▸ Data for analysis:

lemma full_rel_lift_along_coface:
  assumes full: "full_rel Z d S"
    and i: "i \<le> Suc n" and t: "t \<in> std_simplex n" and z: "z \<in> topspace (Z (Suc n))"
    and face_in_S: "(n, t, d n i z) \<in> topspace (total_space (sub_ss Z S))"
  shows "z \<in> S (Suc n)"
proof -
  define c where "c = real_class (sub_ss Z S) d (n, t, d n i z)"
  have "((Suc n, coface i t, z), (n, t, d n i z)) \<in> face_rel Z d"
    unfolding face_rel_def using i t z by blast
  moreover have "(n, t, d n i z) \<in> topspace (total_space Z)"
    using face_in_S by simp
  ultimately have "real_class Z d (Suc n, coface i t, z) = real_class Z d (n, t, d n i z)"
    by (rule real_class_face_rel)
  also have "\<dots> = induced_real_map Z d c"
    unfolding c_def using face_in_S by (rule induced_real_map_sub_ss_class[symmetric])
  finally have same_class: "real_class Z d (Suc n, coface i t, z) = induced_real_map Z d c" .
  have "c \<in> skeleton (sub_ss Z S) d (Suc n)"
    unfolding skeleton_def c_def using face_in_S by (intro imageI) simp
  then have "((coface i t, z), c) \<in>
      {((t, z), c). (t, z) \<in> std_simplex (Suc n) \<times> topspace (Z (Suc n)) \<and>
                    c \<in> skeleton (sub_ss Z S) d (Suc n) \<and>
                    real_class Z d (Suc n, (t, z)) = induced_real_map Z d c}"
    using coface_in_std_simplex[OF t i] z same_class by simp
  then have "((coface i t, z), c) \<in>
      (\<lambda>(t, y). ((t, y), real_class (sub_ss Z S) d (Suc n, (t, y)))) `
        (std_simplex (Suc n) \<times> topspace (sub_ss Z S (Suc n)))"
    using bij_betw_imp_surj_on[OF full[unfolded full_rel_def, THEN spec, of "Suc n"]] by simp
  then show ?thesis
    by auto
qed

lemma face_step_stays_in_sub_ss:
  assumes sub: "semi_simplicial_subspace Z d S" and full: "full_rel Z d S"
    and step: "(p, q) \<in> face_step Z d" and p: "p \<in> topspace (total_space (sub_ss Z S))"
  shows "q \<in> topspace (total_space (sub_ss Z S)) \<and> (p, q) \<in> face_step (sub_ss Z S) d"
proof -
  have face_rel_sub_ss:
    "((Suc n, coface i t, z), (n, t, d n i z)) \<in> face_rel (sub_ss Z S) d"
    if "i \<le> Suc n" "t \<in> std_simplex n" "z \<in> topspace (Z (Suc n))" "z \<in> S (Suc n)"
    for n i t z
  proof -
    have "z \<in> topspace (sub_ss Z S (Suc n))"
      using that by simp
    then show ?thesis
      unfolding face_rel_def using that by blast
  qed
  consider "(p, q) \<in> face_rel Z d" | "(q, p) \<in> face_rel Z d"
    using step unfolding face_step_def by blast
  then show ?thesis
  proof cases
    case 1
    then obtain n i t z where pq: "p = (Suc n, coface i t, z)" "q = (n, t, d n i z)"
      and i: "i \<le> Suc n" and t: "t \<in> std_simplex n" and z: "z \<in> topspace (Z (Suc n))"
      unfolding face_rel_def by blast
    have "z \<in> S (Suc n)"
      using p pq by simp
    moreover from this have "d n i z \<in> S n" and "d n i z \<in> topspace (Z n)"
      using sub i by (auto simp: semi_simplicial_subspace_def subset_iff)
    ultimately show ?thesis
      using face_rel_sub_ss[OF i t z] pq t unfolding face_step_def by simp
  next
    case 2
    then obtain n i t z where pq: "q = (Suc n, coface i t, z)" "p = (n, t, d n i z)"
      and i: "i \<le> Suc n" and t: "t \<in> std_simplex n" and z: "z \<in> topspace (Z (Suc n))"
      unfolding face_rel_def by blast
    have "z \<in> S (Suc n)"
      using full_rel_lift_along_coface[OF full i t z] p pq by simp
    then show ?thesis
      using face_rel_sub_ss[OF i t z] pq z coface_in_std_simplex[OF t i]
      unfolding face_step_def by simp
  qed
qed

lemma face_steps_stay_in_sub_ss:
  assumes sub: "semi_simplicial_subspace Z d S" and full: "full_rel Z d S"
    and steps: "(p, q) \<in> (face_step Z d)\<^sup>*" and p: "p \<in> topspace (total_space (sub_ss Z S))"
  shows "q \<in> topspace (total_space (sub_ss Z S)) \<and> (p, q) \<in> (face_step (sub_ss Z S) d)\<^sup>*"
  using steps
proof (induction rule: rtrancl_induct)
  case base
  show ?case using p by simp
next
  case (step q r)
  then have "r \<in> topspace (total_space (sub_ss Z S)) \<and> (q, r) \<in> face_step (sub_ss Z S) d"
    using face_step_stays_in_sub_ss[OF sub full] by blast
  with step.IH show ?case
    by (blast intro: rtrancl_into_rtrancl)
qed

lemma real_class_sub_ss:
  assumes sub: "semi_simplicial_subspace Z d S" and full: "full_rel Z d S"
    and p: "p \<in> topspace (total_space (sub_ss Z S))"
  shows "real_class (sub_ss Z S) d p = real_class Z d p"
proof -
  have "p \<in> topspace (total_space Z)"
    using p by (auto simp: total_space_sub_ss)
  moreover have "(face_step (sub_ss Z S) d)\<^sup>* `` {p} = (face_step Z d)\<^sup>* `` {p}"
    using face_steps_stay_in_sub_ss[OF sub full _ p] rtrancl_face_step_sub_ss_subset by blast
  ultimately show ?thesis
    using p by (simp add: real_class_eq_face_steps)
qed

▸ Activity: Retype the data exactly as given.

▸ The answer:
lemma full_rel_lift_along_coface:
  assumes full: "full_rel Z d S"
    and i: "i \<le> Suc n" and t: "t \<in> std_simplex n" and z: "z \<in> topspace (Z (Suc n))"
    and face_in_S: "(n, t, d n i z) \<in> topspace (total_space (sub_ss Z S))"
  shows "z \<in> S (Suc n)"
proof -
  define c where "c = real_class (sub_ss Z S) d (n, t, d n i z)"
  have "((Suc n, coface i t, z), (n, t, d n i z)) \<in> face_rel Z d"
    unfolding face_rel_def using i t z by blast
  moreover have "(n, t, d n i z) \<in> topspace (total_space Z)"
    using face_in_S by simp
  ultimately have "real_class Z d (Suc n, coface i t, z) = real_class Z d (n, t, d n i z)"
    by (rule real_class_face_rel)
  also have "\<dots> = induced_real_map Z d c"
    unfolding c_def using face_in_S by (rule induced_real_map_sub_ss_class[symmetric])
  finally have same_class: "real_class Z d (Suc n, coface i t, z) = induced_real_map Z d c" .
  have "c \<in> skeleton (sub_ss Z S) d (Suc n)"
    unfolding skeleton_def c_def using face_in_S by (intro imageI) simp
  then have "((coface i t, z), c) \<in>
      {((t, z), c). (t, z) \<in> std_simplex (Suc n) \<times> topspace (Z (Suc n)) \<and>
                    c \<in> skeleton (sub_ss Z S) d (Suc n) \<and>
                    real_class Z d (Suc n, (t, z)) = induced_real_map Z d c}"
    using coface_in_std_simplex[OF t i] z same_class by simp
  then have "((coface i t, z), c) \<in>
      (\<lambda>(t, y). ((t, y), real_class (sub_ss Z S) d (Suc n, (t, y)))) `
        (std_simplex (Suc n) \<times> topspace (sub_ss Z S (Suc n)))"
    using bij_betw_imp_surj_on[OF full[unfolded full_rel_def, THEN spec, of "Suc n"]] by simp
  then show ?thesis
    by auto
qed

lemma face_step_stays_in_sub_ss:
  assumes sub: "semi_simplicial_subspace Z d S" and full: "full_rel Z d S"
    and step: "(p, q) \<in> face_step Z d" and p: "p \<in> topspace (total_space (sub_ss Z S))"
  shows "q \<in> topspace (total_space (sub_ss Z S)) \<and> (p, q) \<in> face_step (sub_ss Z S) d"
proof -
  have face_rel_sub_ss:
    "((Suc n, coface i t, z), (n, t, d n i z)) \<in> face_rel (sub_ss Z S) d"
    if "i \<le> Suc n" "t \<in> std_simplex n" "z \<in> topspace (Z (Suc n))" "z \<in> S (Suc n)"
    for n i t z
  proof -
    have "z \<in> topspace (sub_ss Z S (Suc n))"
      using that by simp
    then show ?thesis
      unfolding face_rel_def using that by blast
  qed
  consider "(p, q) \<in> face_rel Z d" | "(q, p) \<in> face_rel Z d"
    using step unfolding face_step_def by blast
  then show ?thesis
  proof cases
    case 1
    then obtain n i t z where pq: "p = (Suc n, coface i t, z)" "q = (n, t, d n i z)"
      and i: "i \<le> Suc n" and t: "t \<in> std_simplex n" and z: "z \<in> topspace (Z (Suc n))"
      unfolding face_rel_def by blast
    have "z \<in> S (Suc n)"
      using p pq by simp
    moreover from this have "d n i z \<in> S n" and "d n i z \<in> topspace (Z n)"
      using sub i by (auto simp: semi_simplicial_subspace_def subset_iff)
    ultimately show ?thesis
      using face_rel_sub_ss[OF i t z] pq t unfolding face_step_def by simp
  next
    case 2
    then obtain n i t z where pq: "q = (Suc n, coface i t, z)" "p = (n, t, d n i z)"
      and i: "i \<le> Suc n" and t: "t \<in> std_simplex n" and z: "z \<in> topspace (Z (Suc n))"
      unfolding face_rel_def by blast
    have "z \<in> S (Suc n)"
      using full_rel_lift_along_coface[OF full i t z] p pq by simp
    then show ?thesis
      using face_rel_sub_ss[OF i t z] pq z coface_in_std_simplex[OF t i]
      unfolding face_step_def by simp
  qed
qed

lemma face_steps_stay_in_sub_ss:
  assumes sub: "semi_simplicial_subspace Z d S" and full: "full_rel Z d S"
    and steps: "(p, q) \<in> (face_step Z d)\<^sup>*" and p: "p \<in> topspace (total_space (sub_ss Z S))"
  shows "q \<in> topspace (total_space (sub_ss Z S)) \<and> (p, q) \<in> (face_step (sub_ss Z S) d)\<^sup>*"
  using steps
proof (induction rule: rtrancl_induct)
  case base
  show ?case using p by simp
next
  case (step q r)
  then have "r \<in> topspace (total_space (sub_ss Z S)) \<and> (q, r) \<in> face_step (sub_ss Z S) d"
    using face_step_stays_in_sub_ss[OF sub full] by blast
  with step.IH show ?case
    by (blast intro: rtrancl_into_rtrancl)
qed

lemma real_class_sub_ss:
  assumes sub: "semi_simplicial_subspace Z d S" and full: "full_rel Z d S"
    and p: "p \<in> topspace (total_space (sub_ss Z S))"
  shows "real_class (sub_ss Z S) d p = real_class Z d p"
proof -
  have "p \<in> topspace (total_space Z)"
    using p by (auto simp: total_space_sub_ss)
  moreover have "(face_step (sub_ss Z S) d)\<^sup>* `` {p} = (face_step Z d)\<^sup>* `` {p}"
    using face_steps_stay_in_sub_ss[OF sub full _ p] rtrancl_face_step_sub_ss_subset by blast
  ultimately show ?thesis
    using p by (simp add: real_class_eq_face_steps)
qed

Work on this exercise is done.